From the records below, set down exactly the lines starting with the line that contains "datatype idx = I1 | I11 | I2 | I22 | I12" and going on through the line that contains "fa_diff (fa_comm (Zg". Nothing else is wanted.

──────── Material shown ────────

(* For each $s\ge0$, $\big(\mathrm{ad}(\Omega_0)+\mu(\Omega')\big)^s(\mathbf 1\otimes\mathbf I)$ belongs to $\mathcal B^0\otimes\mathcal U(\mathfrak X)$.
   Context: $\mathfrak X$ is the complex Lie algebra generated by $Z_1,Z_{11},Z_2,Z_{22},Z_{12}$ subject only to $[Z_1,Z_2]=[Z_{11},Z_2]=[Z_1,Z_{22}]=0$ and $[Z_{11},Z_{22}]=-[Z_{11},Z_{12}]=[Z_{22},Z_{12}]=-[Z_1-Z_2,Z_{12}]$; $\mathcal U(\mathfrak X)$ its universal enveloping algebra with unit $\mathbf I$. On $\mathbf P^1\times\mathbf P^1$: $\zeta_i=dz_i/z_i$, $\zeta_{ii}=dz_i/(1-z_i)$ ($i=1,2$), $\zeta_{12}=d(z_1z_2)/(1-z_1z_2)$. $S(A)$, $A=\{\zeta_1,\zeta_{11},\zeta_2,\zeta_{22},\zeta_{12}\}$, is the space with basis the words in $A$ (empty word $\mathbf 1$), with concatenation $\circ$. An element $\sum_Ic_I\omega_{i_1}\circ\cdots\circ\omega_{i_s}\in S_s(A)$ satisfies Chen's integrability condition if for each $1\le l<s$, $\sum_Ic_I\omega_{i_1}\otimes\cdots\otimes(\omega_{i_l}\wedge\omega_{i_{l+1}})\otimes\cdots\otimes\omega_{i_s}=0$ as a multiple differential form; $\mathcal B$ is the span of homogeneous elements satisfying this, and $\mathcal B^0$ the subspace of elements none of whose words ends in $\zeta_1$ or $\zeta_2$. On $S(A)\otimes\mathcal U(\mathfrak X)$: $\mathrm{ad}(\omega\otimes X)(\varphi\otimes F)=(\omega\circ\varphi)\otimes[X,F]$, $\mu(\omega\otimes X)(\varphi\otimes F)=(\omega\circ\varphi)\otimes XF$ (letters $\omega$, $X\in\mathfrak X$), extended linearly; $\Omega_0=\zeta_1\otimes Z_1+\zeta_2\otimes Z_2$, $\Omega'=\zeta_{11}\otimes Z_{11}+\zeta_{22}\otimes Z_{22}+\zeta_{12}\otimes Z_{12}$. *)

theory Defs
  imports Complex_Main
begin

text \<open>Index set for the five letters of A = {zeta_1, zeta_11, zeta_2, zeta_22, zeta_12}
  and simultaneously for the five generators Z_1, Z_11, Z_2, Z_22, Z_12 of the Lie algebra X.\<close>
datatype idx = I1 | I11 | I2 | I22 | I12

text \<open>Elements of the free associative algebra on Z_1,...,Z_12 (coefficient functions on words;
  the genuine elements are the finitely supported ones), and of S(A) (x) (free algebra).\<close>
type_synonym fa = "idx list \<Rightarrow> complex"
type_synonym tens = "idx list \<Rightarrow> fa"

definition fin_supp :: "('a \<Rightarrow> complex) \<Rightarrow> bool" where
  "fin_supp f \<longleftrightarrow> finite {u. f u \<noteq> 0}"

definition fa_add :: "fa \<Rightarrow> fa \<Rightarrow> fa" where
  "fa_add f g = (\<lambda>u. f u + g u)"

definition fa_diff :: "fa \<Rightarrow> fa \<Rightarrow> fa" where
  "fa_diff f g = (\<lambda>u. f u - g u)"

definition fa_mul :: "fa \<Rightarrow> fa \<Rightarrow> fa" where
  "fa_mul f g = (\<lambda>w. \<Sum>i\<le>length w. f (take i w) * g (drop i w))"

definition fa_mono :: "idx list \<Rightarrow> fa" where
  "fa_mono v = (\<lambda>u. if u = v then 1 else 0)"

definition Zg :: "idx \<Rightarrow> fa" where
  "Zg i = fa_mono [i]"

definition fa_one :: fa where
  "fa_one = fa_mono []"

definition fa_comm :: "fa \<Rightarrow> fa \<Rightarrow> fa" where
  "fa_comm x y = fa_diff (fa_mul x y) (fa_mul y x)"

text \<open>Defining relations of X, written as elements of the free associative algebra
  (brackets are commutators).\<close>
definition U_rels :: "fa set" where
  "U_rels = {fa_comm (Zg I1) (Zg I2),
             fa_comm (Zg I11) (Zg I2),
             fa_comm (Zg I1) (Zg I22),
             fa_add (fa_comm (Zg I11) (Zg I22)) (fa_comm (Zg I11) (Zg I12)),
             fa_diff (fa_comm (Zg I11) (Zg I22)) (fa_comm (Zg I22) (Zg I12)),
             fa_add (fa_comm (Zg I11) (Zg I22)) (fa_comm (fa_diff (Zg I1) (Zg I2)) (Zg I12))}"

inductive_set cspan :: "('a \<Rightarrow> complex) set \<Rightarrow> ('a \<Rightarrow> complex) set" for G where
  cspan_zero: "(\<lambda>_. 0) \<in> cspan G"
| cspan_step: "g \<in> G \<Longrightarrow> f \<in> cspan G \<Longrightarrow> (\<lambda>u. c * g u + f u) \<in> cspan G"

text \<open>The two-sided ideal J generated by the relations; U(X) = free algebra / J.\<close>
definition U_ideal :: "fa set" where
  "U_ideal = cspan {fa_mul (fa_mul u r) v | u r v. fin_supp u \<and> fin_supp v \<and> r \<in> U_rels}"

inductive_set tspan :: "tens set \<Rightarrow> tens set" for G where
  tspan_zero: "(\<lambda>_ _. 0) \<in> tspan G"
| tspan_step: "g \<in> G \<Longrightarrow> t \<in> tspan G \<Longrightarrow> (\<lambda>w u. c * g w u + t w u) \<in> tspan G"

text \<open>Coefficients of the 1-forms in the affine chart (z1,z2) of P^1 x P^1:
  coef a p False = coefficient of dz1, coef a p True = coefficient of dz2.\<close>
definition coef :: "idx \<Rightarrow> complex \<times> complex \<Rightarrow> bool \<Rightarrow> complex" where
  "coef a p j = (let z1 = fst p; z2 = snd p in
     (case a of
        I1  \<Rightarrow> if j then 0 else 1 / z1
      | I11 \<Rightarrow> if j then 0 else 1 / (1 - z1)
      | I2  \<Rightarrow> if j then 1 / z2 else 0
      | I22 \<Rightarrow> if j then 1 / (1 - z2) else 0
      | I12 \<Rightarrow> if j then z1 / (1 - z1 * z2) else z2 / (1 - z1 * z2)))"

text \<open>Coefficient of dz1 /\ dz2 in zeta_a /\ zeta_b.\<close>
definition wedge :: "idx \<Rightarrow> idx \<Rightarrow> complex \<times> complex \<Rightarrow> complex" where
  "wedge a b p = coef a p False * coef b p True - coef a p True * coef b p False"

text \<open>Points of the chart where all forms are holomorphic.\<close>
definition goodpt :: "complex \<times> complex \<Rightarrow> bool" where
  "goodpt p \<longleftrightarrow> fst p \<noteq> 0 \<and> fst p \<noteq> 1 \<and> snd p \<noteq> 0 \<and> snd p \<noteq> 1 \<and> fst p * snd p \<noteq> 1"

text \<open>The multiple form omega_{i_1} (x) ... (x) (omega_{i_l} /\ omega_{i_{l+1}}) (x) ... (x) omega_{i_s}
  (1-based l), realised as a function of one point per tensor slot (slots 0..s-2) and a choice of
  component (dz1 or dz2) for each 1-form slot.\<close>
definition mform :: "idx list \<Rightarrow> nat \<Rightarrow> (nat \<Rightarrow> complex \<times> complex) \<Rightarrow> (nat \<Rightarrow> bool) \<Rightarrow> complex" where
  "mform I l x j =
     (\<Prod>k<l - 1. coef (I ! k) (x k) (j k)) *
     wedge (I ! (l - 1)) (I ! l) (x (l - 1)) *
     (\<Prod>k\<in>{l..<length I - 1}. coef (I ! Suc k) (x k) (j k))"

definition homogeneous :: "(idx list \<Rightarrow> complex) \<Rightarrow> nat \<Rightarrow> bool" where
  "homogeneous c s \<longleftrightarrow> (\<forall>w. c w \<noteq> 0 \<longrightarrow> length w = s)"

definition chen :: "(idx list \<Rightarrow> complex) \<Rightarrow> nat \<Rightarrow> bool" where
  "chen c s \<longleftrightarrow> (\<forall>l. 1 \<le> l \<and> l < s \<longrightarrow>
      (\<forall>x j. (\<forall>k. goodpt (x k)) \<longrightarrow>
         (\<Sum>I\<in>{I. length I = s}. c I * mform I l x j) = 0))"

definition chenB :: "(idx list \<Rightarrow> complex) set" where
  "chenB = cspan {c. \<exists>s. homogeneous c s \<and> chen c s}"

definition chenB0 :: "(idx list \<Rightarrow> complex) set" where
  "chenB0 = {b \<in> chenB. \<forall>w. b w \<noteq> 0 \<longrightarrow> w \<noteq> [] \<longrightarrow> last w \<notin> {I1, I2}}"

text \<open>Membership of (the image in S(A) (x) U(X) of) a tensor in B^0 (x) U(X):
  it differs from an element of B^0 (x) (free algebra) by an element of S(A) (x) J.\<close>
definition in_B0_U :: "tens \<Rightarrow> bool" where
  "in_B0_U T \<longleftrightarrow> (\<exists>y z.
      y \<in> tspan {(\<lambda>w u. b w * F u) | b F. b \<in> chenB0 \<and> fin_supp F} \<and>
      finite {w. z w \<noteq> (\<lambda>_. 0)} \<and> (\<forall>w. z w \<in> U_ideal) \<and>
      T = (\<lambda>w u. y w u + z w u))"

definition ad_lt :: "idx \<Rightarrow> fa \<Rightarrow> tens \<Rightarrow> tens" where
  "ad_lt a X T = (\<lambda>w. case w of [] \<Rightarrow> (\<lambda>_. 0)
                    | b # v \<Rightarrow> if b = a then fa_comm X (T v) else (\<lambda>_. 0))"

definition mu_lt :: "idx \<Rightarrow> fa \<Rightarrow> tens \<Rightarrow> tens" where
  "mu_lt a X T = (\<lambda>w. case w of [] \<Rightarrow> (\<lambda>_. 0)
                    | b # v \<Rightarrow> if b = a then fa_mul X (T v) else (\<lambda>_. 0))"

definition tens_add :: "tens \<Rightarrow> tens \<Rightarrow> tens" where
  "tens_add S T = (\<lambda>w u. S w u + T w u)"

text \<open>ad(Omega_0) + mu(Omega').\<close>
definition Lop :: "tens \<Rightarrow> tens" where
  "Lop T = tens_add (tens_add (ad_lt I1 (Zg I1) T) (ad_lt I2 (Zg I2) T))
             (tens_add (mu_lt I11 (Zg I11) T)
               (tens_add (mu_lt I22 (Zg I22) T) (mu_lt I12 (Zg I12) T)))"

text \<open>1 (x) I.\<close>
definition unitT :: tens where
  "unitT = (\<lambda>w. if w = [] then fa_one else (\<lambda>_. 0))"

end

theory Submission
  imports Defs
begin

text \<open>The coefficient of a word \<open>a\<^sub>1\<dots>a\<^sub>s\<close> in \<open>(ad(\<Omega>\<^sub>0) + \<mu>(\<Omega>'))\<^sup>s(\<one> \<otimes> I)\<close> is
  \<open>P\<^sub>a\<^sub>1(\<dots>P\<^sub>a\<^sub>s(1))\<close>, where \<open>P\<^sub>a\<close> is the commutator with \<open>Z\<^sub>a\<close> for \<open>a \<in> {1, 2}\<close> and left
  multiplication by \<open>Z\<^sub>a\<close> otherwise; it vanishes when the last letter is \<open>\<zeta>\<^sub>1\<close> or \<open>\<zeta>\<^sub>2\<close>.
  Pairing the coefficients with Chen's multiple form carrying \<open>\<zeta>\<^sub>a \<and> \<zeta>\<^sub>b\<close> in slots \<open>l, l+1\<close>
  reduces, after the outer letters are moved out, to \<open>\<Sum>\<^sub>a\<^sub>,\<^sub>b (\<zeta>\<^sub>a \<and> \<zeta>\<^sub>b) P\<^sub>a P\<^sub>b G = W G + G W'\<close>
  with \<open>W = \<Sum>\<^sub>a\<^sub>,\<^sub>b (\<zeta>\<^sub>a \<and> \<zeta>\<^sub>b) Z\<^sub>a Z\<^sub>b\<close>. The defining relations of \<open>\<X>\<close> are exactly the
  coefficients of \<open>\<Omega> \<and> \<Omega>\<close>, so \<open>W\<close> and \<open>W'\<close> lie in the ideal \<open>J\<close> with \<open>\<U>(\<X>) = T(\<X>)/J\<close>.
  Hence the coefficients satisfy, modulo \<open>J\<close>, every linear constraint cutting out \<open>\<B>\<^sup>0\<close> in
  degree \<open>s\<close>, and Gaussian elimination over the finitely many words of length \<open>s\<close> splits the
  element into a part in \<open>\<B>\<^sup>0 \<otimes> T(\<X>)\<close> and a part in \<open>S(A) \<otimes> J\<close>.\<close>

lemma UNIV_idx: "(UNIV :: idx set) = {I1, I11, I2, I22, I12}"
  using idx.exhaust by auto

instance idx :: finite
  by standard (simp add: UNIV_idx)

────────

### Your response
datatype idx = I1 | I11 | I2 | I22 | I12

text \<open>Elements of the free associative algebra on Z_1,...,Z_12 (coefficient functions on words;
  the genuine elements are the finitely supported ones), and of S(A) (x) (free algebra).\<close>
type_synonym fa = "idx list \<Rightarrow> complex"
type_synonym tens = "idx list \<Rightarrow> fa"

definition fin_supp :: "('a \<Rightarrow> complex) \<Rightarrow> bool" where
  "fin_supp f \<longleftrightarrow> finite {u. f u \<noteq> 0}"

definition fa_add :: "fa \<Rightarrow> fa \<Rightarrow> fa" where
  "fa_add f g = (\<lambda>u. f u + g u)"

definition fa_diff :: "fa \<Rightarrow> fa \<Rightarrow> fa" where
  "fa_diff f g = (\<lambda>u. f u - g u)"

definition fa_mul :: "fa \<Rightarrow> fa \<Rightarrow> fa" where
  "fa_mul f g = (\<lambda>w. \<Sum>i\<le>length w. f (take i w) * g (drop i w))"

definition fa_mono :: "idx list \<Rightarrow> fa" where
  "fa_mono v = (\<lambda>u. if u = v then 1 else 0)"

definition Zg :: "idx \<Rightarrow> fa" where
  "Zg i = fa_mono [i]"

definition fa_one :: fa where
  "fa_one = fa_mono []"

definition fa_comm :: "fa \<Rightarrow> fa \<Rightarrow> fa" where
  "fa_comm x y = fa_diff (fa_mul x y) (fa_mul y x)"

text \<open>Defining relations of X, written as elements of the free associative algebra
  (brackets are commutators).\<close>
definition U_rels :: "fa set" where
  "U_rels = {fa_comm (Zg I1) (Zg I2),
             fa_comm (Zg I11) (Zg I2),
             fa_comm (Zg I1) (Zg I22),
             fa_add (fa_comm (Zg I11) (Zg I22)) (fa_comm (Zg I11) (Zg I12)),
             fa_diff (fa_comm (Zg I11) (Zg I22)) (fa_comm (Zg I22) (Zg I12)),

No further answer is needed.